People avoid me on the streets. There are pockets of men here or there, malignant in places, benign in others, but they react the same. Usually they circle around me, never getting too close, in case they fall all the way in and down into the drain. And I don’t mind the wary distance. I don’t want them near me anyway. I don’t need the company that they all seem to crave in one another. So they leave me alone and I leave them to their hot clusters – of drugs, alcohol and hacking laughter. And if I miss the chance for conversation, I remind myself that I wouldn’t seek it amongst them anyway.
‘My fucking spot,’ the man says. His voice is so deep that I can feel it vibrate in my chest. It curls at the edges in drink. He is perhaps forty but it is hard to tell – street years carve deeper into the skin. In any case he is shades younger than me for sure. I look through the gloom into his eyes for some sentience but I can tell that he’s half-soaked.
‘Not tonight,’ I say, looking him dead in the eyes. My head pounds but I hold his gaze, because I know I have to.
‘Yeah?’ he says, his voice lifting now. ‘I know you. You’re the weirdo.’
He steps towards me and I see something winking in his hand.
My brother once said that statistically speaking the difference between winners and losers is that, over the longer term, losers give up.
‘Put the knife down,’ I say.
His eyes are rimmed in watery fury. There are tears streaming down his cheeks in rivers. No, not tears, rain. It has started to rain. That kick to the head must have been hard. Adrenaline is in play, I can tell, because my focus is too tight. I need to see the wider picture, but the periphery is stepping back into shadow, further and further.
‘That’s my fucking spot,’ he says again and then lunges at me.
My heart starts to race as the chemicals brim. Everything around me slows down. The surge gives me a kick of energy, of life, so that my eyes pop open and I feel myself stepping into the warmth of a chemical power. He comes towards me but I step to the side, dodging the blade easily.

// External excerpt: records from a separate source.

lemma FZS_LP_optimal_eta_sum:
  assumes opt: "FZS_LP_optimal n C f R \<sigma> y z \<eta>"
    and G_nonneg: "\<And>r. r \<in> R \<Longrightarrow> 0 \<le> G r"
    and G_bound: "\<And>r t. r \<in> R \<Longrightarrow> t \<in> {1..Tsize n C r} \<Longrightarrow>
                    cut_rhs (vbar C \<sigma> r) (uvar \<sigma> y z r) t \<le> G r"
    and G_cut: "\<And>r. r \<in> R \<Longrightarrow> \<exists>t \<in> {1..Tsize n C r}. G r = cut_rhs (vbar C \<sigma> r) (uvar \<sigma> y z r) t"
  shows "(\<Sum>r \<in> R. \<eta> r) = (\<Sum>r \<in> R. G r)"
proof -
  have feas: "FZS_LP_feasible n C R \<sigma> y z \<eta>"
    using opt unfolding FZS_LP_optimal_def by blast
  then have "FZS_LP_feasible n C R \<sigma> y z G"
    using G_nonneg G_bound unfolding FZS_LP_feasible_def cut_rhs_def by auto
  with opt have "FZS_obj n f R z \<eta> \<le> FZS_obj n f R z G"
    unfolding FZS_LP_optimal_def by blast
  then have "(\<Sum>r \<in> R. \<eta> r) \<le> (\<Sum>r \<in> R. G r)"
    unfolding FZS_obj_def by simp
  moreover have "(\<Sum>r \<in> R. G r) \<le> (\<Sum>r \<in> R. \<eta> r)"
  proof (rule sum_mono)
    fix r assume r: "r \<in> R"
    then obtain t where "t \<in> {1..Tsize n C r}" "G r = cut_rhs (vbar C \<sigma> r) (uvar \<sigma> y z r) t"
      using G_cut by blast
    with r feas show "G r \<le> \<eta> r"
      unfolding FZS_LP_feasible_def cut_rhs_def by auto
  qed
  ultimately show ?thesis
    by linarith
qed

lemma FZS_LP_optimal_eta_sum_eq_covering_cut:
  assumes opt: "FZS_LP_optimal n C f R \<sigma> y z \<eta>"
    and sorted: "\<forall>r \<in> R. valid_order n C r (\<sigma> r)"
    and C_nonneg: "\<forall>r \<in> R. \<forall>i \<in> nodes n. \<forall>j \<in> nodes n. 0 \<le> C r i j"
    and covered: "\<forall>r \<in> R. \<exists>t \<in> {1..Tsize n C r}. 1 \<le> (\<Sum>h \<in> {1..t}. uvar \<sigma> y z r h)"
  shows "(\<Sum>r \<in> R. \<eta> r) =
    (\<Sum>r \<in> R. cut_rhs (vbar C \<sigma> r) (uvar \<sigma> y z r) (covering_index (Tsize n C r) (uvar \<sigma> y z r)))"
proof (rule FZS_LP_optimal_eta_sum[OF opt])
  fix r assume r: "r \<in> R"
  have feas: "FZS_LP_feasible n C R \<sigma> y z \<eta>"
    using opt unfolding FZS_LP_optimal_def by blast
  note v_mono = valid_order_vbar_mono[of n C r \<sigma>]
  note v_nonneg = vbar_nonneg[of n C r \<sigma>]
  note u_nonneg = uvar_nonneg[OF feas, of r]
  note covered = covered[rule_format, OF r]
  show "0 \<le> cut_rhs (vbar C \<sigma> r) (uvar \<sigma> y z r) (covering_index (Tsize n C r) (uvar \<sigma> y z r))"
    by (rule cut_rhs_covering_index_nonneg) (use v_nonneg u_nonneg covered r sorted C_nonneg in auto)
  show "cut_rhs (vbar C \<sigma> r) (uvar \<sigma> y z r) t
          \<le> cut_rhs (vbar C \<sigma> r) (uvar \<sigma> y z r) (covering_index (Tsize n C r) (uvar \<sigma> y z r))"
    if "t \<in> {1..Tsize n C r}" for t
    by (rule cut_rhs_le_covering_index) (use v_mono u_nonneg covered r sorted that in auto)
  show "\<exists>t \<in> {1..Tsize n C r}.
          cut_rhs (vbar C \<sigma> r) (uvar \<sigma> y z r) (covering_index (Tsize n C r) (uvar \<sigma> y z r))
          = cut_rhs (vbar C \<sigma> r) (uvar \<sigma> y z r) t"
    using covering_index_mem[OF covered] by blast
qed

theorem proposition2:
  fixes n :: nat and c :: "nat \<Rightarrow> nat \<Rightarrow> real" and f :: "nat \<Rightarrow> real"
    and R :: "'r set" and orig dest :: "'r \<Rightarrow> nat" and w :: "'r \<Rightarrow> real"
    and \<alpha> \<gamma> \<theta> :: real
    and \<sigma> :: "'r \<Rightarrow> nat \<Rightarrow> (nat \<times> nat) + nat"
    and y :: "nat \<times> nat \<Rightarrow> real" and z :: "nat \<Rightarrow> real" and \<eta> :: "'r \<Rightarrow> real"
  defines "C \<equiv> Ccost c \<alpha> \<gamma> \<theta> orig dest w"
  defines "tbar \<equiv> \<lambda>r. LEAST t. t \<in> {1..Tsize n C r} \<and> (\<Sum>h \<in> {1..t}. uvar \<sigma> y z r h) \<ge> 1"
  assumes c_nonneg: "\<forall>i \<in> nodes n. \<forall>j \<in> nodes n. c i j \<ge> 0"
    and c_diag: "\<forall>i \<in> nodes n. c i i = 0"
    and c_tri: "\<forall>i \<in> nodes n. \<forall>j \<in> nodes n. \<forall>k \<in> nodes n. c i k \<le> c i j + c j k"
    and f_nonneg: "\<forall>i \<in> nodes n. f i \<ge> 0"
    and R_fin: "finite R"
    and od: "\<forall>r \<in> R. orig r \<in> nodes n \<and> dest r \<in> nodes n"
    and w_nonneg: "\<forall>r \<in> R. w r \<ge> 0"
    and alpha: "0 \<le> \<alpha>" "\<alpha> \<le> 1" and gamma: "\<gamma> > \<alpha>" and theta: "\<theta> > \<alpha>"
    and sorted: "\<forall>r \<in> R. valid_order n C r (\<sigma> r)"
    and opt: "FZS_LP_optimal n C f R \<sigma> y z \<eta>"
    and tbar_ex: "\<forall>r \<in> R. \<exists>t \<in> {1..Tsize n C r}. (\<Sum>h \<in> {1..t}. uvar \<sigma> y z r h) \<ge> 1"
  shows "FZS_obj n f R z \<eta> =
    (\<Sum>i \<in> nodes n. f i * z i)
    + (\<Sum>r \<in> R. vbar C \<sigma> r (tbar r) * (1 - (\<Sum>h \<in> {1..<tbar r}. uvar \<sigma> y z r h))
                + (\<Sum>h \<in> {1..<tbar r}. vbar C \<sigma> r h * uvar \<sigma> y z r h))"
proof -
  have C_nonneg: "\<forall>r \<in> R. \<forall>i \<in> nodes n. \<forall>j \<in> nodes n. 0 \<le> C r i j"
  proof (intro ballI)
    fix r i j assume "r \<in> R" "i \<in> nodes n" "j \<in> nodes n"
    with od w_nonneg alpha gamma theta show "0 \<le> C r i j"
      unfolding C_def by (intro Ccost_nonneg[OF c_nonneg]) auto
  qed
  have tbar: "covering_index (Tsize n C r) (uvar \<sigma> y z r) = tbar r" for r
    unfolding tbar_def covering_index_def by simp
  show ?thesis
    using FZS_LP_optimal_eta_sum_eq_covering_cut[OF opt sorted C_nonneg tbar_ex]
    unfolding FZS_obj_def cut_rhs_eq tbar by simp
qed

end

He stumbles so I take the advantage and use his weight to push him to the ground, and then I kick him. These boots are made for kicking. Steel toes behind thick leather. He grunts. I kick him again in the ribs and then, before he has a chance to catch his breath, I drop to my knees and rip the knife out of his hand. It is just a small lock knife, fancy, but the blade’s sharp. I hold it under his chin and poke just hard enough to let out some blood.
He freezes.
‘You had enough?’ I say, my heart loud in my head.
‘Yeah,’ he says, nodding.
I get to my feet, the knife still gripped in my hand.
‘I’m keeping this,’ I say, and fold the knife and put it in my pocket. My heart is still racing. I make an effort to breathe slowly so that the one, the breath, can regulate the other, the heart.
‘It’s my fucking spot,’ he says again but he is crying now, real tears not just rain. ‘You took my spot.’ He rubs under his chin at the spot the knife pricked and for a moment I wonder whether I should just leave and give him his place back.
But winners never give up.
I watch him roll on the woodchip and push himself to his feet. He holds the edge of the slide for support as he sways from booze or pain. Then he roots through his clothes and tugs out the familiar shape of a quarter bottle of whisky. He empties what little there is into his mouth as his eyes drench me in hate.
‘Cunt,’ he says. I turn away but then catch a glimpse of something spinning in the air. Instinctively I shield my eyes but then I feel the thick heel of the bottle crack into my skull. I yelp and drop to my knees, still clutching my head. The pain is dull and sickening and I try to breathe through it, but then out of the blackness, a knee crashes into my temple. I drop to the soft ground, the tang of wet earth filling my nose. And then his limbs are over me, searching for the knife.
‘I’m going to fucking kill you,’ he says.
‘I’m stronger than you, Rory!’ I scream. It escapes from me, that name. He’s always there, finding a way in, in these unguarded moments. Or, I wonder, is it the blow to my head that has derailed me?
‘Rory?’ He looks at me, confused. ‘Psycho bastard,’ he adds, backing away.
‘Rory!’ I shout and then I stagger away, unable to control my steps as I zigzag into the slicing rain.
2
Tuesday
The sound of sirens splits the night. I stop for a second. Triangulating, calculating. That Doppler effect – is it getting nearer or further? Who are those sirens for? Me? Are they coming to rescue me, or catch me? My logical brain takes over and calculates the variables. I have to get out of the park. Maybe you’d think he won, scared me off his pitch, saw me off. But in this world strength means more. I won. I have the physical strength and he knows I can return. These guys, they hunt in packs sometimes, and there could be another one not far behind.